● **INSTRUCTIONS FOR THE TASK**
Every line of the data must be retyped exactly as it stands.

(Dataset entries)
theorem theorem5:
  fixes M :: "'a measure" and X :: "nat \<Rightarrow> 'a \<Rightarrow> nat" and p :: "nat \<Rightarrow> real"
  assumes "prob_space M"
    and "prob_space.indep_vars M (\<lambda>_. count_space UNIV) X UNIV"
    and "\<And>k \<omega>. \<omega> \<in> space M \<Longrightarrow> X k \<omega> \<ge> 1"
    and "\<And>k m. measure M {\<omega> \<in> space M. X k \<omega> = m} = p m"
    and "\<And>m. p m \<ge> 0"
    and "(\<lambda>m. p (Suc m)) sums 1"
  shows "((\<exists>i\<ge>1. p i = 1) \<longrightarrow>
            (\<exists>c. measure M {\<omega> \<in> space M. eta_series X \<omega> = c} = 1))
       \<and> ((\<nexists>i. i \<ge> 1 \<and> p i = 1) \<longrightarrow>
            (\<forall>x. measure M {\<omega> \<in> space M. eta_series X \<omega> = x} = 0)
            \<and> (\<exists>S \<in> sets lborel. emeasure lborel S = 0 \<and>
                 measure M {\<omega> \<in> space M. eta_series X \<omega> \<in> S} = 1))"
proof -
  interpret prob_space M by (fact assms(1))
  show ?thesis
  proof (intro conjI impI)
    assume "\<exists>i\<ge>1. p i = 1"
    then obtain i where "p i = 1" by blast
    then have "prob {\<omega> \<in> space M. eta_series X \<omega> = ostrogradsky 0 (\<lambda>_. i)} = 1"
      using indep_vars_random_variable[OF assms(2)] assms(4) by (intro eta_series_degenerate) simp_all
    then show "\<exists>c. prob {\<omega> \<in> space M. eta_series X \<omega> = c} = 1" by blast
  next
    assume no_point_mass: "\<nexists>i. i \<ge> 1 \<and> p i = 1"
    have "{\<omega> \<in> space M. X 0 \<omega> = 0} = {}" using assms(3)[of _ 0] by fastforce
    then have "p 0 = 0" using assms(4)[of 0 0] by (metis measure_empty)
    then have "p m < 1" for m
    proof (cases m)
      case (Suc n)
      then have "p m \<noteq> 1" using no_point_mass by auto
      then show ?thesis using assms(4)[of 0 m] prob_le_1[of "{\<omega> \<in> space M. X 0 \<omega> = m}"] by linarith
    qed simp
    then show "\<forall>x. prob {\<omega> \<in> space M. eta_series X \<omega> = x} = 0"
      using eta_series_no_atoms[OF assms(2,3,4)] by blast
    have "\<not> (\<lambda>m. p (Suc m)) sums 0" using sums_unique2[OF assms(6)] by fastforce
    moreover have "(\<lambda>m. p (Suc m)) sums 0" if "\<forall>m. p (Suc m) = 0" using that by simp
    ultimately obtain m where "p (Suc m) \<noteq> 0" by blast
    then have "p (Suc m) > 0" using assms(5)[of "Suc m"] by linarith
    then show "\<exists>S \<in> sets lborel. emeasure lborel S = 0 \<and> prob {\<omega> \<in> space M. eta_series X \<omega> \<in> S} = 1"
      by (intro eta_series_singular[OF assms(2,3,4)]) auto
  qed
qed

end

● **ANSWER FOR THE TASK**
theorem theorem5:
  fixes M :: "'a measure" and X :: "nat \<Rightarrow> 'a \<Rightarrow> nat" and p :: "nat \<Rightarrow> real"
  assumes "prob_space M"
    and "prob_space.indep_vars M (\<lambda>_. count_space UNIV) X UNIV"
    and "\<And>k \<omega>. \<omega> \<in> space M \<Longrightarrow> X k \<omega> \<ge> 1"
    and "\<And>k m. measure M {\<omega> \<in> space M. X k \<omega> = m} = p m"
    and "\<And>m. p m \<ge> 0"
    and "(\<lambda>m. p (Suc m)) sums 1"
  shows "((\<exists>i\<ge>1. p i = 1) \<longrightarrow>
            (\<exists>c. measure M {\<omega> \<in> space M. eta_series X \<omega> = c} = 1))
       \<and> ((\<nexists>i. i \<ge> 1 \<and> p i = 1) \<longrightarrow>
            (\<forall>x. measure M {\<omega> \<in> space M. eta_series X \<omega> = x} = 0)
            \<and> (\<exists>S \<in> sets lborel. emeasure lborel S = 0 \<and>
                 measure M {\<omega> \<in> space M. eta_series X \<omega> \<in> S} = 1))"
proof -
  interpret prob_space M by (fact assms(1))
  show ?thesis
  proof (intro conjI impI)
    assume "\<exists>i\<ge>1. p i = 1"
    then obtain i where "p i = 1" by blast
    then have "prob {\<omega> \<in> space M. eta_series X \<omega> = ostrogradsky 0 (\<lambda>_. i)} = 1"
      using indep_vars_random_variable[OF assms(2)] assms(4) by (intro eta_series_degenerate) simp_all
    then show "\<exists>c. prob {\<omega> \<in> space M. eta_series X \<omega> = c} = 1" by blast
  next
    assume no_point_mass: "\<nexists>i. i \<ge> 1 \<and> p i = 1"
    have "{\<omega> \<in> space M. X 0 \<omega> = 0} = {}" using assms(3)[of _ 0] by fastforce
    then have "p 0 = 0" using assms(4)[of 0 0] by (metis measure_empty)
    then have "p m < 1" for m
    proof (cases m)
      case (Suc n)
      then have "p m \<noteq> 1" using no_point_mass by auto
      then show ?thesis using assms(4)[of 0 m] prob_le_1[of "{\<omega> \<in> space M. X 0 \<omega> = m}"] by linarith
    qed simp
    then show "\<forall>x. prob {\<omega> \<in> space M. eta_series X \<omega> = x} = 0"
      using eta_series_no_atoms[OF assms(2,3,4)] by blast
    have "\<not> (\<lambda>m. p (Suc m)) sums 0" using sums_unique2[OF assms(6)] by fastforce
    moreover have "(\<lambda>m. p (Suc m)) sums 0" if "\<forall>m. p (Suc m) = 0" using that by simp
    ultimately obtain m where "p (Suc m) \<noteq> 0" by blast
    then have "p (Suc m) > 0" using assms(5)[of "Suc m"] by linarith
    then show "\<exists>S \<in> sets lborel. emeasure lborel S = 0 \<and> prob {\<omega> \<in> space M. eta_series X \<omega> \<in> S} = 1"
      by (intro eta_series_singular[OF assms(2,3,4)]) auto
  qed
qed

end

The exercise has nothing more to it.